The trip was a whirlwind — a flight into Poland, then a train into Kyiv, all of it kept secret until Frederiksen was across the border. It was her fifth trip to Ukraine since the war began, and she made it to honor the 1,000th day of resistance to Russia’s invasion, a day that happened to coincide with Frederiksen’s 47th birthday. While there, she visited wounded soldiers in a hospital, and she appeared at a news conference alongside President Volodymyr Zelensky to announce Denmark’s latest aid package for Ukraine. Relative to the size of its economy, Denmark has donated more to the war effort than any other country.

Generous support for Ukraine is only one way in which Denmark has become an outlier. Since President Trump won re-election in November, Frederiksen has become a global symbol of opposition to him, thanks to her rebuffing his call for Denmark to turn over control of Greenland. But the main significance of Frederiksen and her party, the Social Democrats, has little to do with aid to Ukraine or a territorial argument in the North Atlantic. Over the past six years, they have been winning elections and notching policy victories that would be the envy of liberals worldwide, and doing so at a moment when the rest of the West is lurching to the right.

In Hungary, Prime Minister Viktor Orban has changed laws and marginalized critics to help him remain in office. In Austria, Britain, France, Italy, the Netherlands, Sweden and elsewhere, the far right has grown. In Germany’s election on Sunday, the governing center-left party finished third, behind the center right and far right. In both Canada and Australia, polls suggest that center-left governments will lose elections this year. And in the United States, Joe Biden left office with dismal approval ratings, and Trump won the popular vote for the first time last year. In each of these cases, a major explanation is that working-class voters have drifted from their historical home on the political left and embraced some mix of populism, nationalism and conservatism. Over the past several years, there is arguably not a single high-income country where a center-left party has managed to enact progressive policies and win re-election — with the exception of Denmark.

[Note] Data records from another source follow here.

lemma abs_Re_mult_norm_le_at_norm_max:
  fixes g :: "real \<Rightarrow> 'b::real_normed_vector"
  assumes J: "complex_structure J" and g: "(g has_vector_derivative D) (at t0)"
    and max: "\<And>s. norm (g s) \<le> norm (g t0)"
  shows "\<bar>Re lam\<bar> * norm (g t0) \<le> norm (D - cscale J lam (g t0))"
proof (cases "Re lam = 0")
  case False
  show ?thesis
  proof (rule field_le_epsilon)
    fix e :: real
    assume "e > 0"
    with g obtain d where "d > 0"
      and d: "\<And>s. norm (s - t0) < d \<Longrightarrow> norm (g s - g t0 - (s - t0) *\<^sub>R D) \<le> e * norm (s - t0)"
      unfolding has_vector_derivative_def has_derivative_at_alt by blast
    define v where "v = g t0"
    define k where "k = sgn (Re lam) * (d / 2)"
    define E where "E = g (t0 + k) - v - k *\<^sub>R D"
    have "\<bar>k\<bar> \<le> d / 2" and "\<bar>k\<bar> * \<bar>Re lam\<bar> = k * Re lam"
      using \<open>d > 0\<close> by (auto simp: k_def abs_mult sgn_if)
    have "norm E \<le> e * \<bar>k\<bar>"
      using d[of "t0 + k"] \<open>d > 0\<close> \<open>\<bar>k\<bar> \<le> d / 2\<close> by (simp add: E_def v_def)
    have "(1 + k * Re lam) * norm v \<le> norm (v + k *\<^sub>R cscale J lam v)"
      by (rule norm_add_scaleR_cscale_ge[OF J])
    also have "v + k *\<^sub>R cscale J lam v = g (t0 + k) - k *\<^sub>R (D - cscale J lam v) - E"
      by (simp add: E_def algebra_simps)
    also have "norm \<dots> \<le> norm (g (t0 + k)) + norm (k *\<^sub>R (D - cscale J lam v)) + norm E"
      by (meson add_mono norm_triangle_ineq4 order_trans order_refl)
    also have "\<dots> \<le> norm v + \<bar>k\<bar> * norm (D - cscale J lam v) + e * \<bar>k\<bar>"
      using max[of "t0 + k"] \<open>norm E \<le> e * \<bar>k\<bar>\<close> by (simp add: v_def)
    finally have "k * Re lam * norm v \<le> \<bar>k\<bar> * (norm (D - cscale J lam v) + e)"
      by (simp add: algebra_simps)
    then have "\<bar>k\<bar> * (\<bar>Re lam\<bar> * norm v) \<le> \<bar>k\<bar> * (norm (D - cscale J lam v) + e)"
      by (metis \<open>\<bar>k\<bar> * \<bar>Re lam\<bar> = k * Re lam\<close> mult.assoc)
    moreover have "\<bar>k\<bar> > 0"
      using \<open>d > 0\<close> False by (simp add: k_def abs_mult sgn_if)
    ultimately show "\<bar>Re lam\<bar> * norm (g t0) \<le> norm (D - cscale J lam (g t0)) + e"
      by (simp add: v_def)
  qed
qed simp

theorem corollary2p3:
  fixes p :: enat
    and A :: "('m::{t2_space, second_countable_topology}, 'n::finite) chart set"
    and X :: "('m, 'n) chart \<Rightarrow> 'm \<Rightarrow> real ^ 'n"
    and J :: "'b::banach \<Rightarrow> 'b"
    and lam :: complex and eps :: real
    and y :: "'m \<Rightarrow> 'b"
  assumes "1 \<le> p"
    and "Ck_atlas (p + 1) A"
    and "Cp_vector_field p A X"
    and "complete_vf A X"
    and "all_orbits_periodic A X"
    and "complex_structure J"
    and "Re lam \<noteq> 0"
    and "eps \<ge> 0"
    and "C1_V A X y"
    and "\<forall>x. norm (lie_deriv A X y x - cscale J lam (y x)) \<le> eps"
  shows "\<forall>x. norm (y x) \<le> eps / \<bar>Re lam\<bar>"
proof
  fix x
  obtain \<gamma> where \<gamma>: "integral_curve A X \<gamma>" "\<gamma> 0 = x"
    using \<open>complete_vf A X\<close> unfolding complete_vf_def by blast
  obtain T where "T > 0" and per: "\<And>t. \<gamma> (t + T) = \<gamma> t"
    using \<open>all_orbits_periodic A X\<close> \<gamma>(1) unfolding all_orbits_periodic_def by blast
  have "continuous_on UNIV y" "continuous_on UNIV \<gamma>"
    using \<open>C1_V A X y\<close> \<gamma>(1) unfolding C1_V_def integral_curve_def by blast+
  then have "continuous_on UNIV (\<lambda>s. norm (y (\<gamma> s)))"
    using continuous_on_compose2[of UNIV y UNIV \<gamma>] continuous_on_norm by blast
  then obtain t0 where max: "\<And>s. norm (y (\<gamma> s)) \<le> norm (y (\<gamma> t0))"
    using periodic_continuous_attains_sup[OF _ \<open>T > 0\<close>] per by metis
  have "\<bar>Re lam\<bar> * norm (y (\<gamma> t0)) \<le> norm (lie_deriv A X y (\<gamma> t0) - cscale J lam (y (\<gamma> t0)))"
    using abs_Re_mult_norm_le_at_norm_max[OF \<open>complex_structure J\<close>
        integral_curve_has_lie_deriv[OF \<open>complete_vf A X\<close> \<open>C1_V A X y\<close> \<gamma>(1)]] max
    by (simp add: comp_def)
  also have "\<dots> \<le> eps"
    using assms(10) by blast
  finally have "norm (y (\<gamma> t0)) \<le> eps / \<bar>Re lam\<bar>"
    using \<open>Re lam \<noteq> 0\<close> by (simp add: pos_le_divide_eq mult.commute)
  then show "norm (y x) \<le> eps / \<bar>Re lam\<bar>"
    using max[of 0] \<gamma>(2) by simp
qed

end
lemma scenario_extend:
  assumes "finite U" "R \<subseteq> U" "card R \<le> k" "k \<le> card U"
  shows "\<exists>D\<in>scenarios U k. R \<subseteq> D"
proof -
  have "finite R"
    using assms(1,2) finite_subset by blast
  have "k - card R \<le> card (U - R)"
    using assms by (simp add: card_Diff_subset \<open>finite R\<close>)
  then obtain B where B: "B \<subseteq> U - R" "card B = k - card R"
    by (meson obtain_subset_with_card_n)
  then have "finite B"
    using assms(1) finite_subset by blast
  then have "card (R \<union> B) = k"
    using B assms(3) \<open>finite R\<close> by (subst card_Un_disjoint) auto
  then show ?thesis
    using B assms(2) by (intro bexI[of _ "R \<union> B"]) (auto simp: scenarios_def)
qed

lemma scenarios_cover_exact:
  assumes "finite X" "X \<subseteq> U" "card X = g * k"
  shows "\<exists>Ds\<subseteq>scenarios U k. finite Ds \<and> card Ds \<le> g \<and> X \<subseteq> \<Union>Ds"
  using assms
proof (induction g arbitrary: X)
  case 0
  then show ?case
    by (intro exI[of _ "{}"]) auto
next
  case (Suc g)
  obtain D where D: "D \<subseteq> X" "card D = k"
    using obtain_subset_with_card_n[of k X] Suc.prems(3) by auto
  have "card (X - D) = g * k"
    using D Suc.prems(1,3) by (simp add: card_Diff_subset finite_subset)
  then obtain Ds where Ds: "Ds \<subseteq> scenarios U k" "finite Ds" "card Ds \<le> g" "X - D \<subseteq> \<Union>Ds"
    using Suc.IH[of "X - D"] Suc.prems(1,2) by blast
  have "D \<in> scenarios U k"
    using D Suc.prems(2) by (auto simp: scenarios_def)
  with Ds show ?case
    by (intro exI[of _ "insert D Ds"]) (auto simp: card_insert_if)
qed

lemma scenarios_cover:
  assumes "finite U" "X \<subseteq> U" "0 < k" "k \<le> card U"
  shows "\<exists>Ds\<subseteq>scenarios U k. finite Ds \<and> card Ds \<le> card X div k + 1 \<and> X \<subseteq> \<Union>Ds"
proof -
  have "finite X"
    using assms(1,2) finite_subset by blast
  obtain Y where Y: "Y \<subseteq> X" "card Y = card X div k * k"
    using obtain_subset_with_card_n[of "card X div k * k" X] by auto
  have "finite Y" "Y \<subseteq> U"
    using Y(1) \<open>finite X\<close> assms(2) finite_subset by auto
  obtain Ds where Ds: "Ds \<subseteq> scenarios U k" "finite Ds" "card Ds \<le> card X div k" "Y \<subseteq> \<Union>Ds"
    using scenarios_cover_exact[OF \<open>finite Y\<close> \<open>Y \<subseteq> U\<close> Y(2)] by blast
  have "card (X - Y) = card X mod k"
    using Y \<open>finite X\<close> by (simp add: card_Diff_subset finite_subset minus_div_mult_eq_mod)
  then obtain D where D: "D \<in> scenarios U k" "X - Y \<subseteq> D"
    using scenario_extend[of U "X - Y" k] assms by fastforce
  with Ds show ?thesis
    by (intro exI[of _ "insert D Ds"]) (auto simp: card_insert_if)
qed

lemma second_stage_cost_ge:
  assumes "finite U" "D \<in> scenarios U k"
  shows "sum c (ED D) \<le> second_stage_cost c U k ED"
  unfolding second_stage_cost_def using assms finite_scenarios by (intro Max_ge) auto

lemma second_stage_cost_nonneg:
  assumes "robust_feasible E r U k E0 ED" "\<forall>e\<in>E. 0 \<le> c e" "finite U" "k \<le> card U"
  shows "0 \<le> second_stage_cost c U k ED"
proof -
  obtain D where "D \<in> scenarios U k"
    using scenario_extend[of U "{}" k] assms(3,4) by auto
  moreover have "ED D \<subseteq> E"
    using assms(1) \<open>D \<in> scenarios U k\<close> by (simp add: robust_feasible_def)
  ultimately show ?thesis
    using second_stage_cost_ge[OF assms(3)] sum_nonneg[of "ED D" c] assms(2)
    by (meson order_trans subsetD)
qed

lemma robust_feasible_reach:
  assumes "robust_feasible E r U k E0 ED" "Ds \<subseteq> scenarios U k"
  shows "insert r (\<Union>Ds) \<subseteq> reach (E0 \<union> \<Union>(ED ` Ds)) r"
proof (intro subsetI)
  fix v assume "v \<in> insert r (\<Union>Ds)"
  then consider "v = r" | D where "D \<in> Ds" "v \<in> D"
    by blast
  then show "v \<in> reach (E0 \<union> \<Union>(ED ` Ds)) r"
  proof cases
    case 2
    then have "r \<in> reach (E0 \<union> ED D) v"
      using assms unfolding robust_feasible_def reach_def by blast
    then have "r \<in> reach (E0 \<union> \<Union>(ED ` Ds)) v"
      using reach_mono[of "E0 \<union> ED D" "E0 \<union> \<Union>(ED ` Ds)" v] \<open>D \<in> Ds\<close> by blast
    then show ?thesis
      by (rule reach_sym)
  qed simp
qed

lemma sum_scenario_edges_le:
  assumes "finite E" "\<forall>e\<in>E. 0 \<le> c e" "finite U"
    and "robust_feasible E r U k E0 ED" "Ds \<subseteq> scenarios U k"
  shows "sum c (E0 \<union> \<Union>(ED ` Ds))
    \<le> first_stage_cost c E0 + real (card Ds) * second_stage_cost c U k ED"
proof -
  have edges: "E0 \<union> \<Union>(ED ` Ds') \<subseteq> E" if "Ds' \<subseteq> scenarios U k" for Ds'
    using assms(4) that unfolding robust_feasible_def by blast
  have "finite Ds"
    using assms(3,5) finite_scenarios finite_subset by blast
  then show ?thesis
    using assms(5)
  proof (induction Ds rule: finite_induct)
    case empty
    then show ?case
      by (simp add: first_stage_cost_def)
  next
    case (insert D Ds)
    have "E0 \<union> \<Union>(ED ` insert D Ds) = (E0 \<union> \<Union>(ED ` Ds)) \<union> ED D"
      by auto
    moreover have "E0 \<union> \<Union>(ED ` Ds) \<subseteq> E" "ED D \<subseteq> E"
      using edges[of Ds] edges[of "{D}"] insert.prems by auto
    ultimately have "sum c (E0 \<union> \<Union>(ED ` insert D Ds)) \<le> sum c (E0 \<union> \<Union>(ED ` Ds)) + sum c (ED D)"
      using sum_Un_le[where f = c and A = "E0 \<union> \<Union>(ED ` Ds)" and B = "ED D"] assms(1,2) finite_subset by (metis IntD2 subsetD)
    also have "\<dots> \<le> first_stage_cost c E0 + real (card Ds + 1) * second_stage_cost c U k ED"
      using insert second_stage_cost_ge[OF assms(3), of D k c ED] by (simp add: algebra_simps)
    finally show ?case
      using insert.hyps by simp
  qed
qed

lemma spanning_tree_from_scenarios:
  assumes "finite E" "\<forall>e\<in>E. 0 \<le> c e" "finite U"
    and "robust_feasible E r U k E0 ED" "Ds \<subseteq> scenarios U k"
    and "r \<in> S" "S \<subseteq> insert r (\<Union>Ds)"
  shows "\<exists>F. spanning_tree_on S F \<and> tree_cost (spdist E c) F
    \<le> 2 * (first_stage_cost c E0 + real (card Ds) * second_stage_cost c U k ED)"
proof -
  let ?H = "E0 \<union> \<Union>(ED ` Ds)"
  have "?H \<subseteq> E"
    using assms(4,5) unfolding robust_feasible_def by blast
  moreover have "finite ?H"
    using \<open>?H \<subseteq> E\<close> assms(1) by (rule finite_subset)
  moreover have "S \<subseteq> reach ?H r"
    using robust_feasible_reach[OF assms(4,5)] assms(7) by blast
  ultimately obtain F where "spanning_tree_on S F" "tree_cost (spdist E c) F \<le> 2 * sum c ?H"
    using spanning_tree_cost_le_twice[of ?H E c r S] assms(2,6) by blast
  then show ?thesis
    using sum_scenario_edges_le[OF assms(1-5)] by (intro exI[of _ F]) auto
qed

section \<open>The greedy net\<close>

lemma greedy_net_separated_nth:
  assumes "greedy_net_run E c r U \<delta> ss" "i < j" "j < length ss"
  shows "\<delta> < spdist E c (ss ! j) (ss ! i)"
proof -
  have "\<delta> < spdist_set E c (ss ! j) (set (take j ss))"
    using assms unfolding greedy_net_run_def by auto
  moreover have "ss ! i \<in> set (take j ss)"
    using assms(2,3) by (metis in_set_conv_nth length_take min.absorb4 nth_take)
  ultimately show ?thesis
    unfolding spdist_set_def by (meson Min_le finite_imageI finite_set imageI less_le_trans)
qed

lemma greedy_net_separated:
  assumes "greedy_net_run E c r U \<delta> ss" "u \<in> set ss" "v \<in> set ss" "u \<noteq> v"
  shows "\<delta> < spdist E c u v"
proof -
  obtain i j where "i < length ss" "u = ss ! i" "j < length ss" "v = ss ! j"
    using assms(2,3) by (metis in_set_conv_nth)
  moreover have "i \<noteq> j"
    using calculation assms(4) by blast
  ultimately show ?thesis
    using greedy_net_separated_nth[OF assms(1)] spdist_sym by (metis linorder_neqE_nat)
qed

lemma greedy_net_subset:
  assumes "greedy_net_run E c r U \<delta> ss"
  shows "r \<in> set ss" "set ss \<subseteq> insert r U"
proof -
  show "r \<in> set ss"
    using assms unfolding greedy_net_run_def by (metis list.set_sel(1))
  have "ss ! i \<in> insert r U" if "i < length ss" for i
    using assms that unfolding greedy_net_run_def by (cases i) (auto simp: hd_conv_nth)
  then show "set ss \<subseteq> insert r U"
    by (metis in_set_conv_nth subsetI)
qed

lemma greedy_net_size_bound:
  assumes "finite E" "\<forall>e\<in>E. 0 \<le> c e" "finite U" "0 < k"
    and "robust_feasible E r U k E0 ED" "second_stage_cost c U k ED \<le> T" "0 \<le> T"
    and "greedy_net_run E c r U (\<beta> * T / real k) ss"
  shows "real (card (set ss - {r}) div k) * T * (\<beta> - 2) \<le> 2 * first_stage_cost c E0"
proof -
  define g where "g = card (set ss - {r}) div k"
  obtain Y where Y: "Y \<subseteq> set ss - {r}" "card Y = g * k"
    using obtain_subset_with_card_n[of "g * k" "set ss - {r}"] by (auto simp: g_def)
  have "finite Y"
    using Y(1) by (rule finite_subset) simp
  moreover have "Y \<subseteq> U"
    using Y(1) greedy_net_subset(2)[OF assms(8)] by blast
  ultimately obtain Ds where Ds: "Ds \<subseteq> scenarios U k" "card Ds \<le> g" "Y \<subseteq> \<Union>Ds"
    using scenarios_cover_exact[OF _ _ Y(2)] by meson
  obtain F where F: "spanning_tree_on (insert r Y) F"
    "tree_cost (spdist E c) F
      \<le> 2 * (first_stage_cost c E0 + real (card Ds) * second_stage_cost c U k ED)"
    using spanning_tree_from_scenarios[OF assms(1-3,5) Ds(1), of "insert r Y"] Ds(3) by blast
  have "real (card Ds) * second_stage_cost c U k ED \<le> real (card Ds) * T"
    using assms(6) by (simp add: mult_left_mono)
  also have "\<dots> \<le> real g * T"
    using Ds(2) assms(7) by (simp add: mult_right_mono)
  finally have "real (card Ds) * second_stage_cost c U k ED \<le> real g * T" .
  moreover have "insert r Y \<subseteq> set ss"
    using Y(1) greedy_net_subset(1)[OF assms(8)] by blast
  then have "real (card (insert r Y) - 1) * (\<beta> * T / real k) \<le> tree_cost (spdist E c) F"
    using greedy_net_separated[OF assms(8)] by (intro tree_cost_ge_separated[OF F(1)]) blast
  moreover have "r \<notin> Y"
    using Y(1) by blast
  then have "card (insert r Y) - 1 = g * k"
    using Y(2) \<open>finite Y\<close> by simp
  then have "real (card (insert r Y) - 1) * (\<beta> * T / real k) = real g * \<beta> * T"
    using assms(4) by simp
  ultimately have "real g * \<beta> * T \<le> 2 * first_stage_cost c E0 + 2 * (real g * T)"
    using F(2) by argo
  then show ?thesis
    unfolding g_def by (simp add: algebra_simps)
qed

lemma greedy_net_spanning_tree:
  assumes "finite E" "\<forall>e\<in>E. 0 \<le> c e" "finite U" "0 < k" "k \<le> card U"
    and "robust_feasible E r U k E0 ED" "greedy_net_run E c r U \<delta> ss"
  shows "\<exists>F. spanning_tree_on (set ss) F \<and> tree_cost (spdist E c) F
    \<le> 2 * (first_stage_cost c E0
           + (real (card (set ss - {r}) div k) + 1) * second_stage_cost c U k ED)"
proof -
  have "set ss - {r} \<subseteq> U"
    using greedy_net_subset(2)[OF assms(7)] by blast
  then obtain Ds where Ds: "Ds \<subseteq> scenarios U k" "card Ds \<le> card (set ss - {r}) div k + 1"
      "set ss - {r} \<subseteq> \<Union>Ds"
    using scenarios_cover[OF assms(3) _ assms(4,5)] by meson
  have "set ss \<subseteq> insert r (\<Union>Ds)"
    using Ds(3) by blast
  then obtain F where F: "spanning_tree_on (set ss) F"
      "tree_cost (spdist E c) F
        \<le> 2 * (first_stage_cost c E0 + real (card Ds) * second_stage_cost c U k ED)"
    using spanning_tree_from_scenarios[OF assms(1-3,6) Ds(1) greedy_net_subset(1)[OF assms(7)]]
    by blast
  moreover have "0 \<le> second_stage_cost c U k ED"
    using second_stage_cost_nonneg[OF assms(6,2,3,5)] .
  then have "real (card Ds) * second_stage_cost c U k ED
      \<le> (real (card (set ss - {r}) div k) + 1) * second_stage_cost c U k ED"
    using Ds(2) by (intro mult_right_mono) auto
  ultimately show ?thesis
    by (intro exI[of _ F]) auto
qed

Since the Social Democrats took power in 2019, they have compiled a record that resembles the wish list of a liberal American think tank. They changed pension rules to enable blue-collar workers to retire earlier than professionals. On housing, the party fought speculation by the private-equity industry by enacting the so-called Blackstone law, a reference to the giant New York-based firm that had bought beloved Copenhagen apartment buildings; the law restricts landlords from raising rents for five years after buying a property. To fight climate change, Frederiksen’s government created the world’s first carbon tax on livestock and passed a law that requires 15 percent of farmland to become natural habitat. On reproductive rights, Denmark last year expanded access to abortion through the first 18 weeks of pregnancy, up from 12 weeks, and allowed girls starting at age 15 to get an abortion without parental consent.